──────── DATA ────────

lemma proper_colouring_chromatic_number:
  assumes "simple_graph V E"
  shows "\<exists>c. proper_colouring V E (chromatic_number V E) c"
  unfolding chromatic_number_def
  by (rule LeastI_ex) (use proper_colouring_card_vertices[OF assms] in blast)

subsection \<open>Critical sets\<close>

lemma determining_set_contains_critical_set:
  assumes "finite V" and "determining_set V E k c S"
  shows "\<exists>T\<subseteq>S. critical_set V E k c T"
proof -
  define D where "D = {T. T \<subseteq> S \<and> determining_set V E k c T}"
  have "finite S"
    using assms unfolding determining_set_def by (blast intro: finite_subset)
  then have "finite D"
    unfolding D_def by (simp add: finite_subset[of _ "Pow S"] subset_eq)
  moreover have "S \<in> D"
    using assms(2) unfolding D_def by simp
  ultimately obtain T where "T \<in> D" and "\<forall>T'\<in>D. T' \<subseteq> T \<longrightarrow> T = T'"
    using finite_has_minimal2 by metis
  then have "critical_set V E k c T"
    unfolding critical_set_def D_def by auto
  with \<open>T \<in> D\<close> show ?thesis
    unfolding D_def by blast
qed

lemma scs_le_card:
  assumes "finite V" and "critical_set V E k c T"
  shows "scs V E k c \<le> card T"
proof -
  have "{card S | S. critical_set V E k c S} \<subseteq> {0..card V}"
    unfolding critical_set_def determining_set_def using assms(1) by (auto intro: card_mono)
  then have "finite {card S | S. critical_set V E k c S}"
    by (rule finite_subset) simp
  then show ?thesis
    unfolding scs_def using assms(2) by (intro Min_le) blast+
qed

lemma scs_le_determining_set:
  assumes "finite V" and "determining_set V E k c S"
  shows "scs V E k c \<le> card S"
proof -
  obtain T where "T \<subseteq> S" and "critical_set V E k c T"
    using determining_set_contains_critical_set[OF assms] by blast
  moreover have "finite S"
    using assms unfolding determining_set_def by (blast intro: finite_subset)
  ultimately show ?thesis
    using scs_le_card[OF assms(1)] card_mono le_trans by blast
qed

subsection \<open>b-vertices\<close>

definition b_vertex :: "'a set \<Rightarrow> 'a set set \<Rightarrow> nat \<Rightarrow> ('a \<Rightarrow> nat) \<Rightarrow> 'a \<Rightarrow> bool" where
  "b_vertex V E k c v \<longleftrightarrow> v \<in> V \<and>
     (\<forall>j\<in>{1..k}. j \<noteq> c v \<longrightarrow> (\<exists>w\<in>V. {v, w} \<in> E \<and> c w = j))"

lemma colour_forced_by_neighbours:
  assumes "proper_colouring V E k c'" and "v \<in> V"
    and "\<forall>j\<in>{1..k}. j \<noteq> c v \<longrightarrow> (\<exists>w\<in>V. {v, w} \<in> E \<and> c' w = j)"
  shows "c' v = c v"
  using assms unfolding proper_colouring_def by metis

lemma colouring_avoiding_colour:
  assumes pc: "proper_colouring V E k c" and "i \<in> {1..k}"
    and no_b: "\<forall>v\<in>V. c v = i \<longrightarrow> \<not> b_vertex V E k c v"
  shows "\<exists>c'. proper_colouring V E k c' \<and> (\<forall>v\<in>V. c' v \<noteq> i)"
proof -
  have "\<exists>j\<in>{1..k}. j \<noteq> i \<and> (\<forall>w\<in>V. {v, w} \<in> E \<longrightarrow> c w \<noteq> j)"
    if "v \<in> V" "c v = i" for v
    using no_b that unfolding b_vertex_def by blast
  then obtain m where m: "\<And>v. v \<in> V \<Longrightarrow> c v = i \<Longrightarrow>
      m v \<in> {1..k} \<and> m v \<noteq> i \<and> (\<forall>w\<in>V. {v, w} \<in> E \<longrightarrow> c w \<noteq> m v)"
    by metis
  define c' where "c' v = (if c v = i then m v else c v)" for v
  have "proper_colouring V E k c'"
    using pc m unfolding proper_colouring_def c'_def by (simp add: insert_commute) metis
  moreover have "\<forall>v\<in>V. c' v \<noteq> i"
    using m unfolding c'_def by simp
  ultimately show ?thesis
    by blast
qed

lemma proper_colouring_drop_colour:
  assumes "proper_colouring V E k c" and "i \<in> {1..k}" and "\<forall>v\<in>V. c v \<noteq> i"
  shows "proper_colouring V E (k - 1) (\<lambda>v. if c v = k then i else c v)"
  unfolding proper_colouring_def
proof (intro conjI ballI impI)
  fix v assume "v \<in> V"
  then show "(if c v = k then i else c v) \<in> {1..k - 1}"
    using assms unfolding proper_colouring_def by auto
next
  fix u v assume "u \<in> V" "v \<in> V" "{u, v} \<in> E"
  then show "(if c u = k then i else c u) \<noteq> (if c v = k then i else c v)"
    using assms unfolding proper_colouring_def by metis
qed

lemma chromatic_colouring_has_b_vertex:
  assumes pc: "proper_colouring V E (chromatic_number V E) c" and i: "i \<in> {1..chromatic_number V E}"
  shows "\<exists>v\<in>V. c v = i \<and> b_vertex V E (chromatic_number V E) c v"
proof (rule ccontr)
  assume "\<not> ?thesis"
  then obtain c' where "proper_colouring V E (chromatic_number V E) c'" "\<forall>v\<in>V. c' v \<noteq> i"
    using colouring_avoiding_colour[OF pc i] by blast
  then have "chromatic_number V E \<le> chromatic_number V E - 1"
    using chromatic_number_le proper_colouring_drop_colour[OF _ i] by blast
  with i show False
    by simp
qed

lemma b_vertex_colour_forced:
  assumes "proper_colouring V E k c'" and bv: "b_vertex V E k c v"
    and "\<forall>w. {v, w} \<in> E \<longrightarrow> c' w = c w"
  shows "c' v = c v"
proof -
  have "\<forall>j\<in>{1..k}. j \<noteq> c v \<longrightarrow> (\<exists>w\<in>V. {v, w} \<in> E \<and> c' w = j)"
    using assms unfolding b_vertex_def by metis
  then show ?thesis
    using colour_forced_by_neighbours[OF assms(1)] bv unfolding b_vertex_def by blast
qed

────────

**TASK GOAL**
The first line of the entries, the line with "using assms(2) unfolding D_def by simp", and every line between them should be retyped exactly, and nothing else.

**ANSWER TO THE EXERCISE**
lemma proper_colouring_chromatic_number:
  assumes "simple_graph V E"
  shows "\<exists>c. proper_colouring V E (chromatic_number V E) c"
  unfolding chromatic_number_def
  by (rule LeastI_ex) (use proper_colouring_card_vertices[OF assms] in blast)

subsection \<open>Critical sets\<close>

lemma determining_set_contains_critical_set:
  assumes "finite V" and "determining_set V E k c S"
  shows "\<exists>T\<subseteq>S. critical_set V E k c T"
proof -
  define D where "D = {T. T \<subseteq> S \<and> determining_set V E k c T}"
  have "finite S"
    using assms unfolding determining_set_def by (blast intro: finite_subset)
  then have "finite D"
    unfolding D_def by (simp add: finite_subset[of _ "Pow S"] subset_eq)
  moreover have "S \<in> D"
    using assms(2) unfolding D_def by simp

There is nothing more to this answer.